Provider selection: `GADFLY_PROVIDER` (default `ollama-cloud`), `GADFLY_MODEL`/`GADFLY_MODELS`,
`GADFLY_BASE_URL`, `GADFLY_API_KEY`. Named endpoint aliases via `GADFLY_ENDPOINT_<NAME>` /
`GADFLY_ALIAS_<NAME>` (http-capable) and majordomo `LLM_*` DSNs (HTTPS-only).
**Tested vs untested:** only the Ollama paths (local + OpenAI-compatible pointed at Ollama)
are actually exercised. OpenAI/Anthropic/Google come from majordomo's abstraction and are
**untested** (no spend). Keep the README honest about this; update it if that changes.
## When making changes — maintenance rules
- **Keep the README and `examples/` current.** Any change to env vars, flags, defaults,
triggers, provider support, or the consumer stub MUST be reflected in `README.md` and the
relevant files under `examples/` in the *same* change. The README's `Configuration` table,
the `Models & providers` table, and the example workflows are the contract users rely on —
stale docs are a bug.
- **Preserve the advisory-only invariant** (goal #2). If you touch exit codes or the workflow,
re-confirm a review can never fail/block a consumer's CI.

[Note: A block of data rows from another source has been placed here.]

lemma trace1_kn: "trace1 g (kn g h) = (\<lambda>a c. h a c + trace2 g h / 2 * g$a$c)"
proof (intro ext)
  fix a c
  have metric_ginv: "(\<Sum>d\<in>UNIV. g$a$d * ginv g b d) = kdelta a b" for b
    using sum_metric_ginv[of a b] by (simp add: ginv_sym[of b])
  have ginv_metric: "(\<Sum>b\<in>UNIV. ginv g b d * g$b$c) = kdelta d c" for d
    using sum_ginv_metric[of d c] by (simp add: ginv_sym[of _ d])
  have "(\<Sum>b\<in>UNIV. \<Sum>d\<in>UNIV. ginv g b d * (g$a$d * h b c))
      = (\<Sum>b\<in>UNIV. (\<Sum>d\<in>UNIV. g$a$d * ginv g b d) * h b c)"
    by (simp add: sum_distrib_left sum_distrib_right mult_ac)
  also have "\<dots> = h a c"
    by (simp add: metric_ginv kdelta_simps)
  finally have contract_ad: "(\<Sum>b\<in>UNIV. \<Sum>d\<in>UNIV. ginv g b d * (g$a$d * h b c)) = h a c" .
  have "(\<Sum>b\<in>UNIV. \<Sum>d\<in>UNIV. ginv g b d * (g$b$c * h a d))
      = (\<Sum>d\<in>UNIV. (\<Sum>b\<in>UNIV. ginv g b d * g$b$c) * h a d)"
    by (subst sum.swap) (simp add: sum_distrib_left sum_distrib_right mult_ac)
  also have "\<dots> = h a c"
    by (simp add: ginv_metric kdelta_simps)
  finally have contract_bc: "(\<Sum>b\<in>UNIV. \<Sum>d\<in>UNIV. ginv g b d * (g$b$c * h a d)) = h a c" .
  have contract_bd: "(\<Sum>b\<in>UNIV. \<Sum>d\<in>UNIV. ginv g b d * g$b$d) = 4"
    using trace2_metric by (simp add: trace2_def)
  have "trace1 g (kn g h) a c = (g$a$c * trace2 g h
      - (\<Sum>b\<in>UNIV. \<Sum>d\<in>UNIV. ginv g b d * (g$a$d * h b c))
      + h a c * (\<Sum>b\<in>UNIV. \<Sum>d\<in>UNIV. ginv g b d * g$b$d)
      - (\<Sum>b\<in>UNIV. \<Sum>d\<in>UNIV. ginv g b d * (g$b$c * h a d))) / 2"
    by (simp add: trace1_def trace2_def kn_def sum_distrib_left sum.distrib sum_subtractf
        algebra_simps)
  then show "trace1 g (kn g h) a c = h a c + trace2 g h / 2 * g$a$c"
    unfolding contract_ad contract_bd contract_bc by (simp add: field_simps)
qed

lemma trace2_trace1_kn: "trace2 g (trace1 g (kn g h)) = 3 * trace2 g h"
proof -
  have "trace2 g (trace1 g (kn g h)) = trace2 g h + trace2 g h / 2 * trace2 g (\<lambda>a c. g$a$c)"
    unfolding trace1_kn by (simp only: trace2_add trace2_scale)
  then show ?thesis
    by (simp add: trace2_metric)
qed

lemma kn_pair_swap: "kn g h c d a b = kn g (\<lambda>x y. h y x) a b c d"
  by (simp add: kn_def metric_sym[of c a] metric_sym[of c b] metric_sym[of d a] metric_sym[of d b]
      algebra_simps)

lemma double_dual_kn:
  "double_dual g (kn g h) a b c d
     = kn g (\<lambda>x y. h y x) a b c d - trace2 g h / 2 * (g$a$c * g$b$d - g$a$d * g$b$c)"
  unfolding double_dual_double_form[OF double_form_kn] trace2_trace1_kn
  unfolding trace1_kn by (simp add: kn_def algebra_simps metric_sym[of c a] metric_sym[of c b]
      metric_sym[of d a] metric_sym[of d b])

end

section \<open>The six pieces\<close>

definition alternation :: "tensor4 \<Rightarrow> (4 \<Rightarrow> 4) \<Rightarrow> real" where
  "alternation X v = (1/24) * (\<Sum>\<pi>\<in>{\<pi>. \<pi> permutes (UNIV :: 4 set)}.
      of_int (sign \<pi>) * X (v (\<pi> 0)) (v (\<pi> 1)) (v (\<pi> 2)) (v (\<pi> 3)))"

lemma piece4_eq_alternation: "piece4 X a b c d = alternation X (slots a b c d)"
  by (simp add: piece4_def alternation_def)

lemma alternation_compose:
  assumes t: "t permutes (UNIV :: 4 set)"
  shows "alternation X (v \<circ> t) = of_int (sign t) * alternation X v"
proof -
  let ?P = "{\<pi>. \<pi> permutes (UNIV :: 4 set)}"
  have "alternation X v = (1/24) * (\<Sum>\<pi>\<in>?P. of_int (sign (t \<circ> \<pi>))
      * X (v ((t \<circ> \<pi>) 0)) (v ((t \<circ> \<pi>) 1)) (v ((t \<circ> \<pi>) 2)) (v ((t \<circ> \<pi>) 3)))"
    unfolding alternation_def by (subst setum_permutations_compose_left[OF t]) (rule refl)
  also have "\<dots> = (1/24) * (\<Sum>\<pi>\<in>?P. of_int (sign t)
      * (of_int (sign \<pi>) * X ((v \<circ> t) (\<pi> 0)) ((v \<circ> t) (\<pi> 1)) ((v \<circ> t) (\<pi> 2)) ((v \<circ> t) (\<pi> 3))))"
    using t by (intro arg_cong[where f = "\<lambda>x. 1/24 * x"] sum.cong refl)
      (simp add: sign_compose permutes_imp_permutation)
  also have "\<dots> = of_int (sign t) * alternation X (v \<circ> t)"
    by (simp add: alternation_def sum_distrib_left mult_ac)
  finally have "alternation X v = of_int (sign t) * alternation X (v \<circ> t)" .
  moreover have "of_int (sign t) * of_int (sign t) = (1::real)"
    by (simp flip: of_int_mult)
  ultimately show ?thesis
    by (simp add: mult.assoc[symmetric])
qed

lemma piece4_swap_ab: "piece4 X b a c d = - piece4 X a b c d"
  unfolding piece4_eq_alternation slots_transpose(1)[where a=a and b=b and c=c and d=d]
  by (simp add: alternation_compose permutes_swap_id sign_swap_id)

lemma piece4_swap_cd: "piece4 X a b d c = - piece4 X a b c d"
  unfolding piece4_eq_alternation slots_transpose(3)[where a=a and b=b and c=c and d=d]
  by (simp add: alternation_compose permutes_swap_id sign_swap_id)

lemma piece4_swap_bd: "piece4 X a d c b = - piece4 X a b c d"
  unfolding piece4_eq_alternation slots_transpose(4)[where a=a and b=b and c=c and d=d]
  by (simp add: alternation_compose permutes_swap_id sign_swap_id)

lemma piece4_pair_swap: "piece4 X c d a b = piece4 X a b c d"
  unfolding piece4_eq_alternation slots_transpose(5)[where a=a and b=b and c=c and d=d]
  by (simp add: alternation_compose permutes_swap_id sign_swap_id permutes_compose sign_compose
      permutation_swap_id)

lemma double_form_piece4: "double_form (piece4 X)"
  by (rule double_form_intro) (rule piece4_swap_ab, rule piece4_swap_cd)

lemma double_form_sym_part:
  assumes "double_form X"
  shows "double_form (sym_part X)"
proof (rule double_form_intro)
  fix a b c d
  show "sym_part X b a c d = - sym_part X a b c d"
    using double_form_swap_first[OF assms, of b a c d] double_form_swap_second[OF assms, of c d b a]
    by (simp add: sym_part_def field_simps)
  show "sym_part X a b d c = - sym_part X a b c d"
    using double_form_swap_second[OF assms, of a b d c] double_form_swap_first[OF assms, of d c a b]
    by (simp add: sym_part_def field_simps)
qed

lemma double_form_antisym_part:
  assumes "double_form X"
  shows "double_form (antisym_part X)"
proof (rule double_form_intro)
  fix a b c d
  show "antisym_part X b a c d = - antisym_part X a b c d"
    using double_form_swap_first[OF assms, of b a c d] double_form_swap_second[OF assms, of c d b a]
    by (simp add: antisym_part_def field_simps)
  show "antisym_part X a b d c = - antisym_part X a b c d"
    using double_form_swap_second[OF assms, of a b d c] double_form_swap_first[OF assms, of d c a b]
    by (simp add: antisym_part_def field_simps)
qed

lemma piece3_eq_kn: "piece3 g X = kn g (\<lambda>a c. trace2 g (trace1 g X) / 12 * g$a$c)"
  by (intro ext) (simp add: piece3_def kn_def algebra_simps)

context lorentz_metric
begin

lemma trace1_piece4: "trace1 g (piece4 X) x y = 0"
  by (rule trace1_eq_0_if_antisym_bd) (rule piece4_swap_bd)

lemma trace1_pieceC: "trace1 g (pieceC X) x y = (trace1 g X x y + trace1 g X y x) / 2"
  unfolding pieceC_def[abs_def] sym_part_def[abs_def]
  by (simp only: trace1_diff trace1_piece4 trace1_scale trace1_add trace1_pair_swap[of X])

lemma trace1_antisym_part: "trace1 g (antisym_part X) x y = (trace1 g X x y - trace1 g X y x) / 2"
  unfolding antisym_part_def[abs_def]
  by (simp only: trace1_scale trace1_diff trace1_pair_swap[of X])

lemma trace2_trace1_pieceC: "trace2 g (trace1 g (pieceC X)) = trace2 g (trace1 g X)"
proof -
  have "trace1 g (pieceC X) = (\<lambda>x y. 1/2 * (trace1 g X x y + trace1 g X y x))"
    by (intro ext) (simp add: trace1_pieceC)
  then show ?thesis
    by (simp only: trace2_scale trace2_add trace2_transpose[of "trace1 g X"]) simp
qed

lemma traceless_h_eq:
  "traceless_h g X = (\<lambda>a b. (trace1 g X a b + trace1 g X b a) / 2
     - 1/4 * trace2 g (trace1 g X) * g$a$b)"
  by (intro ext) (simp add: traceless_h_def trace1_pieceC trace2_trace1_pieceC)

lemma traceless_h_sym: "(\<lambda>x y. traceless_h g X y x) = traceless_h g X"
  unfolding traceless_h_eq by (intro ext) (simp add: metric_sym algebra_simps)

lemma trace2_traceless_h: "trace2 g (traceless_h g X) = 0"
proof -
  have "trace2 g (traceless_h g X) = trace2 g (\<lambda>a b. 1/2 * (trace1 g X a b + trace1 g X b a))
      - trace2 g (\<lambda>a b. (1/4 * trace2 g (trace1 g X)) * g$a$b)"
    unfolding traceless_h_eq by (simp add: trace2_diff[symmetric])
  also have "\<dots> = 0"
    by (simp only: trace2_scale trace2_add trace2_transpose[of "trace1 g X"] trace2_metric) simp
  finally show ?thesis .
qed

lemma trace1_antisym_part_transpose:
  "(\<lambda>x y. trace1 g (antisym_part X) y x) = (\<lambda>x y. - trace1 g (antisym_part X) x y)"
  by (intro ext) (simp add: trace1_antisym_part field_simps)

lemma trace2_trace1_antisym_part: "trace2 g (trace1 g (antisym_part X)) = 0"
  by (rule trace2_eq_0_if_antisym) (simp add: trace1_antisym_part field_simps)

lemma double_dual_piece1:
  assumes "double_form X"
  shows "double_dual g (piece1 g X) = (\<lambda>a b c d. - piece1 g X a b c d)"
proof (intro ext)
  fix a b c d
  let ?t = "trace2 g (trace1 g X)"
  have double_form: "double_form (piece1 g X)"
    unfolding piece1_def[abs_def] pieceC_def[abs_def] piece2_def piece3_eq_kn
    by (intro double_form_diff double_form_sym_part[OF assms] double_form_piece4 double_form_kn)
  have trace_free: "trace1 g (piece1 g X) x y = 0" for x y
  proof -
    have "trace2 g (\<lambda>a c. ?t / 12 * g$a$c) = ?t / 12 * 4"
      by (simp only: trace2_scale trace2_metric)
    then show ?thesis
      unfolding piece1_def[abs_def] trace1_diff trace1_pieceC piece2_def piece3_eq_kn trace1_kn
        trace2_traceless_h
      unfolding traceless_h_eq by (simp add: algebra_simps)
  qed
  have "pieceC X c d a b = pieceC X a b c d"
    by (simp add: pieceC_def sym_part_def piece4_pair_swap[of X c d a b])
  moreover have "piece2 g X c d a b = piece2 g X a b c d"
    unfolding piece2_def kn_pair_swap[of "traceless_h g X" c d a b] traceless_h_sym ..
  moreover have "piece3 g X c d a b = piece3 g X a b c d"
    by (simp add: piece3_def metric_sym[of c a] metric_sym[of d b] metric_sym[of c b]
        metric_sym[of d a] algebra_simps)
  ultimately have "piece1 g X c d a b = piece1 g X a b c d"
    by (simp add: piece1_def)
  then show "double_dual g (piece1 g X) a b c d = - piece1 g X a b c d"
    unfolding double_dual_trace_free[OF double_form trace_free] by simp
qed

- **Don't add mort-specific (or any single-consumer) assumptions** to the binary or system
prompt. The system prompt is intentionally generic; repo-specific conventions should be
discovered by the agent at runtime (it can read the repo's own CONTRIBUTING/CLAUDE.md), not
hardcoded here.
- **Keep secrets out of image layers.** Private-module creds flow via BuildKit `--mount=type=secret`
in the build stage only; never bake them into the final image or commit them.
- Add a test when you add logic (see the `*_test.go` patterns). Keep `gofmt` clean and `go vet` quiet.
## Lessons
- majordomo's `LLM_*` env DSNs are **HTTPS-only** (`DSN.BaseURL()` forces `https://`), so they
can't express a plaintext local Ollama. That's why Gadfly adds the http-capable
`GADFLY_ENDPOINT_<NAME>="provider|base-url[|key]"` mechanism (see `cmd/gadfly/model.go`).
- Gitea `vars`/`secrets` are **not** auto-exposed as env in a job — the consumer stub must map
each one explicitly in its `env:` block (dynamic alias names can't be auto-enumerated).